E = a sec(x) - b tan(x)

where a > b and both a and b are positive. We need to determine the minimum value of E.

Step 1: Express in Terms of Sec and Tan Identity
We use the identity:

sec²(x) - tan²(x) = 1

Rewriting E:

E = a sec(x) - b tan(x)
= √(a² - b²) * ( a/√(a² - b²) * sec(x) - b/√(a² - b²) * tan(x) )

Define θ such that:

cos(θ) = a / √(a² - b²)
sin(θ) = b / √(a² - b²)

Since cos²(θ) + sin²(θ) = 1, we can rewrite E as:

E = √(a² - b²) * (cos(θ) sec(x) - sin(θ) tan(x))

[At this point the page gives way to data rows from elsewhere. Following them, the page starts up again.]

lemma T_eval_unimodular_eigenvector:
  assumes A: "A \<in> Pl_vec l" and eig: "S_op l A = (\<lambda>h j. c * A h j)" and "cmod c = 1"
    and "w \<noteq> 0" "h \<in> comp_range l"
  shows "T_eval l A w h = c * leval (A h) (w ^ 2)"
proof -
  have "T_eval l A w h = (\<Sum>j\<in>{j \<in> TA_exp_range l. even j}. TA_coeff l A h j * w powi j)"
    unfolding T_eval_eq_sum_TA_coeff[OF A \<open>w \<noteq> 0\<close>]
    using S_op_unimodular_eigenvector_odd_coeffs[OF A eig \<open>cmod c = 1\<close> \<open>h \<in> comp_range l\<close>]
    by (intro sum.mono_neutral_right) auto
  also have "\<dots> = (\<Sum>j\<in>exp_range l. S_op l A h j * (w ^ 2) powi j)"
    unfolding even_TA_exps using \<open>h \<in> comp_range l\<close>
    by (simp add: sum.reindex inj_on_def S_op_def power_int_power)
  also have "\<dots> = c * leval (A h) (w ^ 2)"
    using Pl_vec_outside[OF A]
    by (subst leval_eq_sum[of "exp_range l"]) (auto simp: eig sum_distrib_left mult.assoc)
  finally show ?thesis .
qed

definition kernel_eigenvalues :: "'x set \<Rightarrow> ('x \<Rightarrow> 'x \<Rightarrow> complex) \<Rightarrow> complex set" where
  "kernel_eigenvalues X M = {c. \<exists>v. (\<forall>x. x \<notin> X \<longrightarrow> v x = 0) \<and> v \<noteq> (\<lambda>x. 0)
                                 \<and> (\<forall>x\<in>X. (\<Sum>y\<in>X. M x y * v y) = c * v x)}"

lemma mat_mult_vec_reindex:
  assumes e: "bij_betw e {0..<n} X" and "i < n"
  shows "(mat n n (\<lambda>(i, k). M (e i) (e k)) *\<^sub>v vec n (\<lambda>i. v (e i))) $ i = (\<Sum>y\<in>X. M (e i) y * v y)"
  using assms sum.reindex_bij_betw[OF e, of "\<lambda>y. M (e i) y * v y"]
  by (simp add: scalar_prod_def)

lemma kernel_eigenvalues_subset_spectrum:
  assumes e: "bij_betw e {0..<n} X"
  shows "kernel_eigenvalues X M \<subseteq> spectrum (mat n n (\<lambda>(i, k). M (e i) (e k)))"
proof
  fix c assume "c \<in> kernel_eigenvalues X M"
  then obtain v where v: "\<forall>x. x \<notin> X \<longrightarrow> v x = 0" "v \<noteq> (\<lambda>x. 0)"
    "\<forall>x\<in>X. (\<Sum>y\<in>X. M x y * v y) = c * v x"
    unfolding kernel_eigenvalues_def by blast
  define u where "u = vec n (\<lambda>i. v (e i))"
  obtain x where x: "v x \<noteq> 0" using v(2) by blast
  then have "x \<in> X" using v(1) by blast
  then obtain i where "i < n" "x = e i"
    using bij_betw_imp_surj_on[OF e] by auto
  with x have "u \<noteq> 0\<^sub>v n"
    by (metis u_def index_vec index_zero_vec(1))
  moreover have "mat n n (\<lambda>(i, k). M (e i) (e k)) *\<^sub>v u = c \<cdot>\<^sub>v u"
  proof (rule eq_vecI)
    fix i assume "i < dim_vec (c \<cdot>\<^sub>v u)"
    then have "i < n" by (simp add: u_def)
    then show "(mat n n (\<lambda>(i, k). M (e i) (e k)) *\<^sub>v u) $ i = (c \<cdot>\<^sub>v u) $ i"
      using mat_mult_vec_reindex[OF e, of i M v] v(3) bij_betw_apply[OF e] by (simp add: u_def)
  qed (simp add: u_def)
  ultimately have "eigenvector (mat n n (\<lambda>(i, k). M (e i) (e k))) u c"
    by (simp add: eigenvector_def u_def)
  then show "c \<in> spectrum (mat n n (\<lambda>(i, k). M (e i) (e k)))"
    by (auto simp: spectrum_def eigenvalue_def)
qed

lemma spectrum_subset_kernel_eigenvalues:
  assumes e: "bij_betw e {0..<n} X"
  shows "spectrum (mat n n (\<lambda>(i, k). M (e i) (e k))) \<subseteq> kernel_eigenvalues X M"
proof
  fix c assume "c \<in> spectrum (mat n n (\<lambda>(i, k). M (e i) (e k)))"
  then obtain u where u: "u \<in> carrier_vec n" "u \<noteq> 0\<^sub>v n"
    "mat n n (\<lambda>(i, k). M (e i) (e k)) *\<^sub>v u = c \<cdot>\<^sub>v u"
    by (auto simp: spectrum_def eigenvalue_def eigenvector_def)
  define v where "v x = (if x \<in> X then u $ inv_into {0..<n} e x else 0)" for x
  have v_e: "v (e i) = u $ i" if "i < n" for i
    using that e by (simp add: v_def bij_betw_apply bij_betw_inv_into_left)
  have u_eq: "u = vec n (\<lambda>i. v (e i))"
    using u(1) by (auto simp: v_e)
  have "v \<noteq> (\<lambda>x. 0)"
    using u(1,2) v_e by (metis eq_vecI carrier_vecD index_zero_vec)
  moreover have "(\<Sum>y\<in>X. M x y * v y) = c * v x" if "x \<in> X" for x
  proof -
    obtain i where "i < n" "x = e i"
      using bij_betw_imp_surj_on[OF e] \<open>x \<in> X\<close> by auto
    then show ?thesis
      using mat_mult_vec_reindex[OF e, of i M v, folded u_eq] u by (simp add: v_e)
  qed
  moreover have "\<forall>x. x \<notin> X \<longrightarrow> v x = 0"
    by (simp add: v_def)
  ultimately show "c \<in> kernel_eigenvalues X M"
    unfolding kernel_eigenvalues_def by blast
qed

lemma kernel_eigenvalues_finite_nonempty:
  assumes "finite X" "X \<noteq> {}"
  shows "finite (kernel_eigenvalues X M)" "kernel_eigenvalues X M \<noteq> {}"
proof -
  obtain e where e: "bij_betw e {0..<card X} X"
    using ex_bij_betw_nat_finite[OF \<open>finite X\<close>] by blast
  let ?K = "mat (card X) (card X) (\<lambda>(i, k). M (e i) (e k))"
  have "kernel_eigenvalues X M = spectrum ?K"
    using kernel_eigenvalues_subset_spectrum[OF e] spectrum_subset_kernel_eigenvalues[OF e] by blast
  moreover have "?K \<in> carrier_mat (card X) (card X)" "card X > 0"
    using assms by (simp_all add: card_gt_0_iff)
  ultimately show "finite (kernel_eigenvalues X M)" "kernel_eigenvalues X M \<noteq> {}"
    using card_finite_spectrum(1) spectrum_non_empty by metis+
qed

Using the trigonometric identity:

cos(θ) sec(x) - sin(θ) tan(x) = cos(x - θ)

we get:

E = √(a² - b²) cos(x - θ)

Step 2: Finding the Minimum Value
The function cos(x - θ) varies between -1 and 1.

Thus, the minimum value occurs when cos(x - θ) = -1, giving:

E_min = √(a² - b²) * (-1)
= -√(a² - b²)

Conclusion:
The minimum value of a sec(x) - b tan(x) is -√(a² - b²).